Tag Archives: roof system

Overhead Crane

OK, I was web surfing again! My wife thinks I spend all of my time on the ‘net Facebooking….well, I actually do some real research.

I found this post recently on www.garagejournal.com, in reference to a comparison between all steel and post frame (pole) buildings. The poster cited this as why he regrets not having constructed an all steel building for himself:

The down side for me was not being able to spec the building with an overhead crane supported by the trusses. If I went with steel I’d have a five ton overhead in my shop right now. I really regret that”.

Hoist Mounted To Wood TrussesShaking the dust off from my prefabricated wood roof truss designer’s hat (I have owned my own truss plants from another life), I can assure the writer he was sadly misinformed. There were numerous times I designed a roof truss system to support suspended crane loads.

Take this example, a 50 foot span pole building, with doubled (two ply) trusses spaced every 12 feet. Adding a five ton load to these trusses would be the equivalent of under 17 psf (pounds per square foot) of load being added. Highly doable. The truss designer would need to know where on the trusses the load would be supported, and then they can be designed accordingly. With very wide spans, or high loads, increasing to a three ply truss, from a double, may be required.

More often than not, overhead crane systems in pole buildings are supported from the wall columns. The columns are very strong in compression (downward load) and the connection of a crane system to the columns can be done relatively easily. The cautions would be to make sure the system (both building and crane attachments) are designed by a RDP (Registered Design Professional – an architect or engineer) and the column footing diameters are increased appropriately to account for the added weight of the system.
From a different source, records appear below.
(* Let $X$ be an integral regular projective curve of genus $g$ over $\mathbb{F}_q$ and $\mathbf{n}_m=(n_0,\dots,n_m)$ ($m\ge0$) a tuple of positive integers; put $\mathbf{n}_m+1:=(n_0,\dots,n_{m-1},n_m+1)$. Then $$\alpha^{(\mathbf{n}_m+1)}_X(0)=q_{\mathbf{n}_{m-1}}^{\,n_m(g-1)}\,\alpha^{(\mathbf{n}_{m-1})}_X(0)\cdot\beta_{X;\mathbf{n}_m}.$$
   Context: Let $\zeta_X(s)=\sum_{D\ge 0}N(D)^{-s}$ be the Artin zeta function of $X$ ($D$ running over effective divisors) and $\widehat\zeta_X(s)=q^{s(g-1)}\zeta_X(s)$ the complete Artin zeta function, a rational function of $q^{-s}$. Derived zeta functions are defined recursively. For the empty tuple $\mathbf{n}_{-1}=()$ put $q_{\mathbf{n}_{-1}}=q$, $T_{\mathbf{n}_{-1}}=q^{-s}$, $\widehat\zeta^{(\mathbf{n}_{-1})}_X=\widehat\zeta_X$. For a tuple $\mathbf{n}_m=(n_0,\dots,n_m)$ of positive integers ($m\ge 0$) put $\mathbf{n}_{m-1}=(n_0,\dots,n_{m-1})$, $q_{\mathbf{n}_m}=q^{n_0n_1\cdots n_m}$, $T_{\mathbf{n}_m}=q^{-n_0n_1\cdots n_m s}$. Writing $\widehat Z^{(\mathbf{n}_{m-1})}_X(T_{\mathbf{n}_{m-1}}):=\widehat\zeta^{(\mathbf{n}_{m-1})}_X(s)$ (a rational function of $T_{\mathbf{n}_{m-1}}$), set $\widehat\zeta^{(\mathbf{n}_{m-1})}_X(1):=\operatorname{Res}_{T_{\mathbf{n}_{m-1}}=1}\widehat Z^{(\mathbf{n}_{m-1})}_X(T_{\mathbf{n}_{m-1}})$ and for integers $N\ge 1$, $\widehat v_N:=\prod_{k=1}^{N}\widehat\zeta^{(\mathbf{n}_{m-1})}_X(k)$. Then $$\widehat\zeta^{(\mathbf{n}_m)}_X(s)=q_{\mathbf{n}_{m-1}}^{\binom{n_m}{2}(g-1)}\sum_{a=1}^{n_m}\Biggl(\sum_{\substack{k_1,\dots,k_p>0\\k_1+\cdots+k_p=n_m-a}}\frac{\widehat v_{k_1}\cdots\widehat v_{k_p}}{\prod_{j=1}^{p-1}(1-q_{\mathbf{n}_{m-1}}^{k_j+k_{j+1}})}\cdot\frac{1}{1-q_{\mathbf{n}_{m-1}}^{n_ms-n_m+a+k_p}}\Biggr)\widehat\zeta^{(\mathbf{n}_{m-1})}_X(n_ms-n_m+a)\Biggl(\sum_{\substack{l_1,\dots,l_r>0\\l_1+\cdots+l_r=a-1}}\frac{1}{1-q_{\mathbf{n}_{m-1}}^{-n_ms+n_m-a+1+l_1}}\cdot\frac{\widehat v_{l_1}\cdots\widehat v_{l_r}}{\prod_{j=1}^{r-1}(1-q_{\mathbf{n}_{m-1}}^{l_j+l_{j+1}})}\Biggr),$$ where the inner sums run over ordered tuples of positive integers (of any length) with the indicated sum, and an inner sum over tuples summing to $0$ is defined to be $1$. One writes $\widehat Z^{(\mathbf{n}_m)}_X(T_{\mathbf{n}_m}):=\widehat\zeta^{(\mathbf{n}_m)}_X(s)$, a rational function of $T_{\mathbf{n}_m}$. (For $m=0$ this is the $\mathrm{SL}_{n_0}$-zeta function of $X$, which coincides with the rank $n_0$ non-abelian zeta function.) For any tuple $\mathbf{n}$ (including the empty one), $(1-T_{\mathbf{n}})(1-q_{\mathbf{n}}T_{\mathbf{n}})T_{\mathbf{n}}^{g-1}\widehat Z^{(\mathbf{n})}_X(T_{\mathbf{n}})$ is a polynomial in $T_{\mathbf{n}}$, and the alpha invariant $\alpha^{(\mathbf{n})}_X(0)$ is its constant term. The beta invariant is $\beta_{X;\mathbf{n}_m}:=\operatorname{Res}_{T_{\mathbf{n}_m}=1}\widehat Z^{(\mathbf{n}_m)}_X(T_{\mathbf{n}_m})$. *)

theory Defs
  imports "HOL-Complex_Analysis.Complex_Analysis" "HOL-Computational_Algebra.Polynomial"
begin

text \<open>Zeta-function data of an integral regular projective curve X of genus g over F_q:
  by the rationality theorem Z_X(T) = P(T) / ((1-T)(1-qT)) with P an integer polynomial
  of degree 2g, P(0) = 1, satisfying the functional equation
  P(T) = q^g T^(2g) P(1/(qT)), i.e. coeff P (2g - i) = q^(g-i) coeff P i.\<close>
definition curve_zeta_data :: "nat \<Rightarrow> nat \<Rightarrow> int poly \<Rightarrow> bool" where
  "curve_zeta_data q g P \<longleftrightarrow>
     (\<exists>p r. prime p \<and> r > 0 \<and> q = p ^ r) \<and>
     degree P = 2 * g \<and> coeff P 0 = 1 \<and>
     (\<forall>i\<le>g. coeff P (2 * g - i) = int q ^ (g - i) * coeff P i)"

text \<open>Complete Artin zeta function as a function of T = q^(-s):
  Zhat(T) = T^(-(g-1)) Z(T).\<close>
definition complete_zeta :: "nat \<Rightarrow> nat \<Rightarrow> int poly \<Rightarrow> complex \<Rightarrow> complex" where
  "complete_zeta q g P T =
     T powi (1 - int g) * poly (map_poly of_int P) T / ((1 - T) * (1 - of_nat q * T))"

text \<open>zeta(k) for a derived zeta function given as a rational function Z of
  T = Q^(-s): the residue at T = 1 for k = 1, the value at T = Q^(-k) otherwise
  (taken as a limit, so as to be insensitive to removable singularities).\<close>
definition zeta_val :: "nat \<Rightarrow> (complex \<Rightarrow> complex) \<Rightarrow> nat \<Rightarrow> complex" where
  "zeta_val Q Z k = (if k = 1 then residue Z 1 else Lim (at (of_nat Q powi (- int k))) Z)"

definition vhat :: "nat \<Rightarrow> (complex \<Rightarrow> complex) \<Rightarrow> nat \<Rightarrow> complex" where
  "vhat Q Z N = (\<Prod>k=1..N. zeta_val Q Z k)"

definition compositions :: "nat \<Rightarrow> nat list set" where
  "compositions N = {ks. 0 \<notin> set ks \<and> sum_list ks = N}"

definition comp_coeff :: "nat \<Rightarrow> (complex \<Rightarrow> complex) \<Rightarrow> nat list \<Rightarrow> complex" where
  "comp_coeff Q Z ks =
     (\<Prod>k\<leftarrow>ks. vhat Q Z k) /
     (\<Prod>j<length ks - 1. (1 - of_nat Q ^ (ks ! j + ks ! Suc j)))"

text \<open>One derivation step: from the derived zeta function Z (in the variable
  T' = Q^(-s), Q = q_(n_(m-1))) to the next one, in the variable T = Q^(-n s).
  Here Q^(n s) = 1/T and Q^(-(n s - n + a)) = T Q^(n-a).\<close>
definition derive_zeta :: "nat \<Rightarrow> nat \<Rightarrow> nat \<Rightarrow> (complex \<Rightarrow> complex) \<Rightarrow> complex \<Rightarrow> complex" where
  "derive_zeta Q g n Z T =
     of_nat Q powi (int (n choose 2) * (int g - 1)) *
     (\<Sum>a=1..n.
        (if n - a = 0 then 1 else
           (\<Sum>ks\<in>compositions (n - a).
              comp_coeff Q Z ks * (1 / (1 - of_nat Q powi (int a + int (last ks) - int n) / T))))
        * Z (T * of_nat Q ^ (n - a))
        * (if a - 1 = 0 then 1 else
           (\<Sum>ls\<in>compositions (a - 1).
              (1 / (1 - T * of_nat Q ^ (n - a + 1 + hd ls))) * comp_coeff Q Z ls)))"

definition q_tuple :: "nat \<Rightarrow> nat list \<Rightarrow> nat" where
  "q_tuple q ns = q ^ prod_list ns"

fun derived_zeta_rev :: "nat \<Rightarrow> nat \<Rightarrow> int poly \<Rightarrow> nat list \<Rightarrow> complex \<Rightarrow> complex" where
  "derived_zeta_rev q g P [] = complete_zeta q g P"
| "derived_zeta_rev q g P (n # ns) =
     derive_zeta (q_tuple q (rev ns)) g n (derived_zeta_rev q g P ns)"

definition derived_zeta :: "nat \<Rightarrow> nat \<Rightarrow> int poly \<Rightarrow> nat list \<Rightarrow> complex \<Rightarrow> complex" where
  "derived_zeta q g P ns = derived_zeta_rev q g P (rev ns)"

definition alpha_inv :: "nat \<Rightarrow> nat \<Rightarrow> int poly \<Rightarrow> nat list \<Rightarrow> complex" where
  "alpha_inv q g P ns =
     coeff (THE p. \<forall>\<^sub>F T in cofinite.
        poly p T = (1 - T) * (1 - of_nat (q_tuple q ns) * T) * T powi (int g - 1)
                   * derived_zeta q g P ns T) 0"

definition beta_inv :: "nat \<Rightarrow> nat \<Rightarrow> int poly \<Rightarrow> nat list \<Rightarrow> complex" where
  "beta_inv q g P ns = residue (derived_zeta q g P ns) 1"

end

theory Submission
  imports Defs
begin

text \<open>
  Write Q for q_(n_(m-1)). The previous derived zeta function has the form
  Z(T) = T^(1-g) p(T) / ((1 - T)(1 - Q T)) with p(T) = Q^g T^(2g) p(1/(Q T)), and the next one
  is D(T) = Q^(C(n,2)(g-1)) \<Sum>_a L_a(T) Z(Q^(n-a) T) R_a(T), where the rational weights L_a, R_a
  are finite sums over compositions. All poles of D lie at 0 and at T = Q^(-m), 0 \<le> m \<le> n.
  The substitution T \<mapsto> 1/(Q^n T) exchanges L_a and R_(n+1-a) and fixes D. At an interior point
  Q^(-m), 0 < m < n, the residues of the summands a \<le> n - m and a > n - m are opposite, so they
  cancel; the remaining poles at 1 and Q^(-n) are cancelled by the factors 1 - T and 1 - Q^n T.
  Hence F(T) = (1 - T)(1 - Q^n T) T^(g-1) D(T) is entire after removing singularities, and by
  the functional equation it grows at most like |T|^(2g): by Liouville it is a polynomial, and D
  has the same form as Z with Q replaced by Q^n.

  Near T = 0 only the summand a = n survives, so F(0) = Q^(C(n,2)(g-1)) p(0) S_(n-1), while the
  residue of D at T = 1 is Q^(C(n,2)(g-1)) S_n, where S_N is the sum of the coefficients attached
  to the compositions of N. Comparing level n + 1 with level n and using
  C(n+1,2) = C(n,2) + n gives the theorem.
\<close>

section \<open>Compositions\<close>

lemma compositions_0: "compositions 0 = {[]}"
  by (auto simp: compositions_def sum_list_eq_0_iff) (metis list.set_sel(1))

lemma finite_compositions: "finite (compositions N)"
proof -
  have "length ks \<le> sum_list ks" if "0 \<notin> set ks" for ks :: "nat list"
    using that by (induction ks) (auto simp: Suc_le_eq)
  then have "compositions N \<subseteq> {xs. set xs \<subseteq> {0..N} \<and> length xs \<le> N}"
    by (fastforce simp: compositions_def intro: member_le_sum_list)
  then show ?thesis
    by (rule finite_subset) (rule finite_lists_length_le, simp)
qed

lemma compositions_nonempty: "N > 0 \<Longrightarrow> ks \<in> compositions N \<Longrightarrow> ks \<noteq> []"
  by (auto simp: compositions_def)

lemma Cons_in_compositions_iff:
  "j # ls \<in> compositions N \<longleftrightarrow> j > 0 \<and> j \<le> N \<and> ls \<in> compositions (N - j)"
  by (auto simp: compositions_def)

lemma snoc_in_compositions_iff:
  "ls @ [j] \<in> compositions N \<longleftrightarrow> j > 0 \<and> j \<le> N \<and> ls \<in> compositions (N - j)"
  by (auto simp: compositions_def)

lemma rev_in_compositions_iff: "rev ks \<in> compositions N \<longleftrightarrow> ks \<in> compositions N"
  by (auto simp: compositions_def sum_list_rev)

lemma compositions_hd_bounds: "N > 0 \<Longrightarrow> ks \<in> compositions N \<Longrightarrow> hd ks \<in> {1..N}"
  by (cases ks) (auto simp: compositions_def)

lemma compositions_last_bounds: "N > 0 \<Longrightarrow> ks \<in> compositions N \<Longrightarrow> last ks \<in> {1..N}"
  using compositions_hd_bounds[of N "rev ks"] by (simp add: rev_in_compositions_iff hd_rev)

lemma sum_compositions_rev: "(\<Sum>ks\<in>compositions N. f ks) = (\<Sum>ks\<in>compositions N. f (rev ks))"
proof (rule sum.reindex_bij_betw[symmetric])
  show "bij_betw rev (compositions N) (compositions N)"
    by (rule bij_betw_byWitness[where f'=rev]) (auto simp: rev_in_compositions_iff)
qed

lemma compositions_hd_eq:
  assumes "0 < j" "j \<le> N"
  shows "{ks \<in> compositions N. hd ks = j} = (#) j ` compositions (N - j)"
proof (intro equalityI subsetI)
  fix ks assume ks: "ks \<in> {ks \<in> compositions N. hd ks = j}"
  then have "ks \<noteq> []" using assms compositions_nonempty[of N ks] by simp
  then have "ks = j # tl ks" using ks by (cases ks) auto
  with ks show "ks \<in> (#) j ` compositions (N - j)"
    using Cons_in_compositions_iff[of j "tl ks" N] by auto
qed (use assms in \<open>auto simp: Cons_in_compositions_iff\<close>)

lemma compositions_last_eq:
  assumes "0 < j" "j \<le> N"
  shows "{ks \<in> compositions N. last ks = j} = (\<lambda>ls. ls @ [j]) ` compositions (N - j)"
proof (intro equalityI subsetI)
  fix ks assume ks: "ks \<in> {ks \<in> compositions N. last ks = j}"
  then have "ks \<noteq> []" using assms compositions_nonempty[of N ks] by simp
  moreover have "last ks = j" using ks by simp
  ultimately have "ks = butlast ks @ [j]" by (metis append_butlast_last_id)
  with ks show "ks \<in> (\<lambda>ls. ls @ [j]) ` compositions (N - j)"
    using snoc_in_compositions_iff[of "butlast ks" j N] by auto
qed (use assms in \<open>auto simp: snoc_in_compositions_iff\<close>)

lemma sum_compositions_hd_eq:
  "0 < j \<Longrightarrow> j \<le> N \<Longrightarrow>
    (\<Sum>ks\<in>{ks\<in>compositions N. hd ks = j}. f ks) = (\<Sum>ls\<in>compositions (N - j). f (j # ls))"
  by (simp add: compositions_hd_eq sum.reindex)

lemma sum_compositions_last_eq:
  "0 < j \<Longrightarrow> j \<le> N \<Longrightarrow>
    (\<Sum>ks\<in>{ks\<in>compositions N. last ks = j}. f ks) = (\<Sum>ls\<in>compositions (N - j). f (ls @ [j]))"
  by (simp add: compositions_last_eq sum.reindex inj_on_def)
With truly informed experts on the design side of the equation, almost anything can be done with a pole building, and usually at a more reasonable cost than other alternatives.

Collateral Loads and Why They Matter

Collateral loads are additional dead loads hung from the building, such as sprinkler systems; drop ceilings, HVAC equipment, lighting etc. These are the loads which are most often overlooked or neglected in the design of a new pole building. Many times, it is just no one having made the client aware. Most building sales people and even designers and engineers, do not go beyond present day use to discuss what the building may be used for in the future.

Generally, the actually dead load weight of roof truss bottom chords and the minimal lateral bracing needed to restrain them from movement is about one-half of a pound, per square foot (psf). Most pole building trusses are designed using a one psf load, which will allow for the weight of standard electrical wiring and lights. As an example, for a 30’ x 40’ building approximately 600 pounds of wiring and lighting could be evenly distributed across the roof truss bottom chords, without the need to increase the load carrying capacity.

The Metal Building Manufacturers Association (MBMA) Low Rise Systems Manual recommends the following collateral loads, per square foot:
Sprinkler system – dry 1.5  wet  3
Ceilings – Suspended Acoustical Fiber 1
Gypsum Board – 1/2″ 2 – 5/8″ 3
Lighting 0.1 to 1
HVAC Ducts 1

2×6 ceiling joists at two foot on center will add about ¾ psf.

These loads are cumulative. If you have more than one, you add them together. In most cases, a ceiling load of 5 psf will be adequate to handle a layer of 5/8″ drywall, ceiling joists and blown in insulation.

Many of us are packrats. We accumulate “stuff” and the space in the trusses looks like a good place to put it.  When I first visited the home of my now bride of 12 years, I took one look “up” in her garage and quickly ran for cover!  The trusses just weren’t designed for the “stuff” she had stored up there.  Her defiant assertion of “if it ain’t broke…” finally gave way to “ok, if you insist” and we cleaned it all out…ten years later!

The International Building Codes have a provision to add 20 psf of live load onto the bottom chord of trusses where a box 42” tall and 24” in width would fit between the top and bottom chords of prefabricated roof trusses, in areas where a truss web would not interfere. This same provision mandates an increase in the bottom chord dead load to 10 psf.

The roof system of your new building is not a place to become penny wise and pound foolish. Overloading a roof system, beyond its design capacity, can result in catastrophic failure.

Planning a new building? Discuss not only your future needs, but also what other owners of your building might do with the building, with your Building Designer.

Some folks are pushing budget just to get the basic building but have plans for future interior build out. From a liability position, the building owner bears the risk if ordering a building which assumes no collateral loads, then later turns it into living space with joists, drywall and insulation.

Always look towards solving future needs. It is fairly inexpensive to add ceiling loading to trusses, and saves a world of potential grief later.